AMENDMENT NO. 1 TO SENIOR SECURED, SUPER-PRIORITY DEBTOR-IN-POSSESSION REVOLVING CREDIT AGREEMENT
Exhibit 4.8
Execution Copy
AMENDMENT NO. 1
TO SENIOR SECURED, SUPER-PRIORITY DEBTOR-IN-POSSESSION
REVOLVING CREDIT AGREEMENT
This AMENDMENT NO. 1 to SENIOR SECURED, SUPER-PRIORITY DEBTOR-IN-POSSESSION REVOLVING CREDIT AGREEMENT, dated as of October 27, 2010 (this “Amendment”), among BLOCKBUSTER INC., a Delaware corporation (“BBI”), as a debtor and debtor-in-possession (the “Borrower”), the SUBSIDIARIES OF THE BORROWER signatory hereto, as debtors and debtors-in-possession, the financial institutions who are parties to the Credit Agreement (as defined below) as “Lenders” (the “Lenders”) and WILMINGTON TRUST FSB, a federal savings bank (in its individual capacity, “Wilmington”), for itself and as Agent for Lenders.

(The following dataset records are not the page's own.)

definition jbr :: "int ^ 'd::finite \<Rightarrow> real" where
  "jbr n = sqrt (1 + (\<Sum>i\<in>UNIV. (real_of_int (n $ i))\<^sup>2))"

definition freq_ball :: "nat \<Rightarrow> (int ^ 'd::finite) set" where
  "freq_ball N = {n. (\<Sum>i\<in>UNIV. (n $ i)\<^sup>2) \<le> (int N)\<^sup>2}"

definition en :: "int ^ 'd::finite \<Rightarrow> real ^ 'd \<Rightarrow> complex" where
  "en n x = cis (dotp n x)"

definition fourier_coeff :: "((real ^ 'd::finite) \<Rightarrow> real) \<Rightarrow> int ^ 'd \<Rightarrow> complex" where
  "fourier_coeff f n = torus_int (\<lambda>x. complex_of_real (f x) * cnj (en n x))"

text \<open>Trigonometric polynomial sum_{|n|<=N} c(n) e_n, as a real-valued function
  (the coefficient families used are Hermitian, so the sum is real)\<close>
definition trig_poly :: "nat \<Rightarrow> (int ^ 'd::finite \<Rightarrow> complex) \<Rightarrow> real ^ 'd \<Rightarrow> real" where
  "trig_poly N c x = Re (\<Sum>n\<in>freq_ball N. c n * en n x)"

definition hermitian :: "(int ^ 'd::finite \<Rightarrow> complex) \<Rightarrow> bool" where
  "hermitian c \<longleftrightarrow> (\<forall>n. c (- n) = cnj (c n))"

definition bessel_pot :: "real \<Rightarrow> (int ^ 'd::finite \<Rightarrow> complex) \<Rightarrow> int ^ 'd \<Rightarrow> complex" where
  "bessel_pot s c n = complex_of_real (jbr n powr s) * c n"

definition Lp_norm :: "real \<Rightarrow> ((real ^ 'd::finite) \<Rightarrow> real) \<Rightarrow> real" where
  "Lp_norm p f = (torus_int (\<lambda>x. \<bar>f x\<bar> powr p)) powr (1 / p)"

text \<open>L^infinity norm; used only for trigonometric polynomials (continuous), where
  the essential supremum equals the supremum\<close>
definition Linf_norm :: "((real ^ 'd::finite) \<Rightarrow> real) \<Rightarrow> real" where
  "Linf_norm f = (SUP x\<in>torus_box. \<bar>f x\<bar>)"

definition Hs_norm_tp :: "real \<Rightarrow> nat \<Rightarrow> (int ^ 'd::finite \<Rightarrow> complex) \<Rightarrow> real" where
  "Hs_norm_tp s N c = Lp_norm 2 (trig_poly N (bessel_pot s c))"

text \<open>Y_N^alpha = pi_N <nabla>^{-alpha} W(1), pathwise: b n = B_n(1)(omega)\<close>
definition Y_N :: "real \<Rightarrow> nat \<Rightarrow> (int ^ 'd::finite \<Rightarrow> complex) \<Rightarrow> real ^ 'd \<Rightarrow> real" where
  "Y_N \<alpha> N b = trig_poly N (bessel_pot (- \<alpha>) b)"

definition drift_coeff :: "(real \<Rightarrow> (real ^ 'd::finite) \<Rightarrow> real) \<Rightarrow> int ^ 'd \<Rightarrow> complex" where
  "drift_coeff \<theta> n = set_lebesgue_integral lborel {0..1} (\<lambda>t. fourier_coeff (\<theta> t) n)"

Capitalized terms used herein and not otherwise defined herein shall have the meanings ascribed to such terms in the Credit Agreement referred to below.
RECITALS
WHEREAS, the Borrower, the other Credit Parties, the Lenders and Agent are parties to that certain Senior Secured, Super-Priority Debtor-In-Possession Revolving Credit Agreement dated as of September 23, 2010 (as heretofore amended, the “Credit Agreement”); and
WHEREAS, the Borrower, the other Credit Parties, the Lenders and Agent wish to amend the Credit Agreement as set forth herein.
AGREEMENT
NOW, THEREFORE, in consideration of the continued performance by the Borrower and the other Credit Parties of their respective promises and obligations under the Credit Agreement and the other Loan Documents, and for other good and valuable consideration, the receipt and sufficiency of which are hereby acknowledged, the Borrower, the other Credit Parties, the Lenders and Agent hereby agree as follows:
1. Amendments to Credit Agreement. Subject to the satisfaction of the conditions precedent set forth in Paragraph 2 below, the Credit Agreement is hereby amended as follows:
(a) Section 1.5(c) of the Credit Agreement is amended and restated in its entirety as follows:
“(c) The Borrower shall pay to Agent, for the benefit of each Lender, a commitment fee equal to one and one-half percent (1.5%) of such Lender’s Commitment, which will be due and payable in full to Agent on the date of the issuance of the Final Order by the Bankruptcy Court, and which shall in turn be paid by Agent ratably to the Lenders upon the effective date of (and after giving effect to) the Omnibus Reallocation Agreement dated on or about October 28, 2010 to which the Borrower, among others, is a party.”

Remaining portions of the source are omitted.